[[ RECORDS FOR THE TASK, beginning ]]
lemma tangent_cone_subset_mpcc_linearized_cone:
  fixes G H :: "nat \<Rightarrow> 'a::euclidean_space \<Rightarrow> real"
  assumes feasible: "z \<in> mpcc_feasible g h G H ng nh m"
    and diff_g: "\<And>i. i < ng \<Longrightarrow> g i differentiable (at z)"
    and diff_h: "\<And>i. i < nh \<Longrightarrow> h i differentiable (at z)"
    and diff_G: "\<And>i. i < m \<Longrightarrow> G i differentiable (at z)"
    and diff_H: "\<And>i. i < m \<Longrightarrow> H i differentiable (at z)"
  shows "tangent_cone (mpcc_feasible g h G H ng nh m) z \<subseteq> mpcc_linearized_cone g h G H ng nh m z"
proof
  let ?S = "mpcc_feasible g h G H ng nh m"
  fix d assume d: "d \<in> tangent_cone ?S z"
  have vanishing_partner: "grad \<phi> z \<bullet> d = 0"
    if "\<phi> differentiable (at z)" "\<psi> differentiable (at z)" "\<phi> z = 0" "\<psi> z > 0"
      and "\<forall>x\<in>?S. \<phi> x * \<psi> x = 0" for \<phi> \<psi>
  proof -
    have "isCont \<psi> z"
      using that(2) differentiable_imp_continuous_within by blast
    then have "\<forall>\<^sub>F x in nhds z. \<psi> x > 0"
      using that(4) by (simp add: isCont_def tendsto_at_iff_tendsto_nhds order_tendstoD)
    then have "\<forall>\<^sub>F x in nhds z. x \<in> ?S \<longrightarrow> \<phi> x = \<phi> z"
      by eventually_elim (use that(3,5) in auto)
    then show ?thesis
      using tangent_cone_grad_eq_0 that(1) d by blast
  qed
  show "d \<in> mpcc_linearized_cone g h G H ng nh m z"
    unfolding mpcc_linearized_cone_def
  proof (intro CollectI conjI ballI allI impI)
    fix i assume "i < ng" "g i z = 0"
    then show "grad (g i) z \<bullet> d \<le> 0"
      by (intro tangent_cone_grad_nonpos[OF diff_g d] always_eventually)
        (auto simp: mpcc_feasible_def)
  next
    fix i assume "i < nh"
    then show "grad (h i) z \<bullet> d = 0"
      using feasible
      by (intro tangent_cone_grad_eq_0[OF diff_h d] always_eventually)
        (auto simp: mpcc_feasible_def)
  next
    fix i assume "i \<in> idx_alpha G H m z"
    then show "grad (G i) z \<bullet> d = 0"
      by (intro vanishing_partner[of "G i" "H i"] diff_G diff_H)
        (auto simp: idx_alpha_def mpcc_feasible_def)
  next
    fix i assume "i \<in> idx_gamma G H m z"
    then show "grad (H i) z \<bullet> d = 0"
      by (intro vanishing_partner[of "H i" "G i"] diff_G diff_H)
        (auto simp: idx_gamma_def mpcc_feasible_def mult.commute)
  next
    fix i assume "i \<in> idx_beta G H m z"
    then have i: "i < m" "G i z = 0" "H i z = 0"
      by (auto simp: idx_beta_def)
    then show "grad (G i) z \<bullet> d \<ge> 0" "grad (H i) z \<bullet> d \<ge> 0"
      by (intro tangent_cone_grad_nonneg[OF diff_G d] tangent_cone_grad_nonneg[OF diff_H d]
          always_eventually; auto simp: mpcc_feasible_def)+
    show "(grad (G i) z \<bullet> d) * (grad (H i) z \<bullet> d) = 0"
      using i by (intro tangent_cone_grad_mult_eq_0[OF diff_G diff_H d]) (auto simp: mpcc_feasible_def)
  qed
qed

lemma piecewise_M_stationary_imp_grad_nonneg:
  assumes stat: "piecewise_M_stationary f g h G H ng nh m z"
    and d: "d \<in> mpcc_linearized_cone g h G H ng nh m z"
  shows "grad f z \<bullet> d \<ge> 0"
proof -
  let ?\<alpha> = "idx_alpha G H m z" and ?\<beta> = "idx_beta G H m z" and ?\<gamma> = "idx_gamma G H m z"
  define D where "D \<phi> = grad \<phi> z \<bullet> d" for \<phi> :: "'a \<Rightarrow> real"
  have lin_g: "D (g i) \<le> 0" if "i < ng" "g i z = 0" for i
    using d that unfolding mpcc_linearized_cone_def D_def by blast
  have lin_h: "D (h i) = 0" if "i < nh" for i
    using d that unfolding mpcc_linearized_cone_def D_def by blast
  have lin_G: "D (G i) = 0" if "i \<in> ?\<alpha>" for i
    using d that unfolding mpcc_linearized_cone_def D_def by blast
  have lin_H: "D (H i) = 0" if "i \<in> ?\<gamma>" for i
    using d that unfolding mpcc_linearized_cone_def D_def by blast
  have lin_\<beta>: "D (G i) \<ge> 0" "D (H i) \<ge> 0" "D (G i) * D (H i) = 0" if "i \<in> ?\<beta>" for i
    using d that unfolding mpcc_linearized_cone_def D_def by blast+
  define \<beta>1 where "\<beta>1 = {i \<in> ?\<beta>. D (G i) = 0}"
  have "\<beta>1 \<union> (?\<beta> - \<beta>1) = ?\<beta> \<and> \<beta>1 \<inter> (?\<beta> - \<beta>1) = {}"
    unfolding \<beta>1_def by auto
  note multipliers = stat[unfolded piecewise_M_stationary_def, rule_format, OF this]
  obtain lg lh lG lH :: "nat \<Rightarrow> real" where
    eq: "grad f z + (\<Sum>i<ng. lg i *\<^sub>R grad (g i) z) + (\<Sum>i<nh. lh i *\<^sub>R grad (h i) z)
          - (\<Sum>i\<in>?\<alpha> \<union> ?\<beta>. lG i *\<^sub>R grad (G i) z) - (\<Sum>i\<in>?\<gamma> \<union> ?\<beta>. lH i *\<^sub>R grad (H i) z) = 0"
    and lg: "\<forall>i<ng. lg i \<ge> 0 \<and> lg i * g i z = 0"
    and lH: "\<forall>i\<in>\<beta>1. lH i \<ge> 0" and lG: "\<forall>i\<in>?\<beta> - \<beta>1. lG i \<ge> 0"
    using multipliers by (elim exE conjE) (rule that)
  have "D f + (\<Sum>i<ng. lg i * D (g i)) + (\<Sum>i<nh. lh i * D (h i))
          - (\<Sum>i\<in>?\<alpha> \<union> ?\<beta>. lG i * D (G i)) - (\<Sum>i\<in>?\<gamma> \<union> ?\<beta>. lH i * D (H i)) = 0"
    using arg_cong[OF eq, of "\<lambda>v. v \<bullet> d"]
    by (simp add: D_def inner_diff_left inner_add_left inner_sum_left)
  moreover have "(\<Sum>i<ng. lg i * D (g i)) \<le> 0"
  proof (rule sum_nonpos)
    fix i assume "i \<in> {..<ng}"
    then show "lg i * D (g i) \<le> 0"
      using lg lin_g by (cases "g i z = 0") (auto simp: mult_nonneg_nonpos)
  qed
  moreover have "(\<Sum>i<nh. lh i * D (h i)) = 0"
    using lin_h by simp
  moreover have "(\<Sum>i\<in>?\<alpha> \<union> ?\<beta>. lG i * D (G i)) \<ge> 0"
  proof (rule sum_nonneg)
    fix i assume "i \<in> ?\<alpha> \<union> ?\<beta>"
    then show "0 \<le> lG i * D (G i)"
      using lin_G lin_\<beta>(1) lG by (cases "i \<in> \<beta>1") (auto simp: \<beta>1_def)
  qed
  moreover have "(\<Sum>i\<in>?\<gamma> \<union> ?\<beta>. lH i * D (H i)) \<ge> 0"
  proof (rule sum_nonneg)
    fix i assume "i \<in> ?\<gamma> \<union> ?\<beta>"
    then consider "i \<in> ?\<gamma>" | "i \<in> \<beta>1" | "i \<in> ?\<beta>" "D (G i) \<noteq> 0"
      unfolding \<beta>1_def by blast
    then show "0 \<le> lH i * D (H i)"
    proof cases
      case 3
      then show ?thesis
        using lin_\<beta>(3)[OF 3(1)] by simp
    qed (use lin_H lin_\<beta>(2) lH \<beta>1_def in auto)
  qed
  ultimately show ?thesis
    unfolding D_def by linarith
qed

theorem theorem2p3:
  fixes f :: "'a::euclidean_space \<Rightarrow> real"
    and g h G H :: "nat \<Rightarrow> 'a \<Rightarrow> real"
    and ng nh m :: nat
    and z :: 'a
  assumes "\<And>x. f differentiable (at x)"
    and "\<And>i x. i < ng \<Longrightarrow> g i differentiable (at x)"
    and "\<And>i x. i < nh \<Longrightarrow> h i differentiable (at x)"
    and "\<And>i x. i < m \<Longrightarrow> G i differentiable (at x)"
    and "\<And>i x. i < m \<Longrightarrow> H i differentiable (at x)"
    and "z \<in> mpcc_feasible g h G H ng nh m"
    and "piecewise_M_stationary f g h G H ng nh m z"
  shows "B_stationary f g h G H ng nh m z"
  unfolding B_stationary_def
  using tangent_cone_subset_mpcc_linearized_cone[OF assms(6) assms(2-5)]
    piecewise_M_stationary_imp_grad_nonneg[OF assms(7)]
  by blast

end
[[ RECORDS FOR THE TASK, end ]]
▶ _WORK REQUEST_:
For each line above that carries the word "multipliers", copy it out.

▶ _RESULT OF THE EXERCISE_:
  note multipliers = stat[unfolded piecewise_M_stationary_def, rule_format, OF this]
    using multipliers by (elim exE conjE) (rule that)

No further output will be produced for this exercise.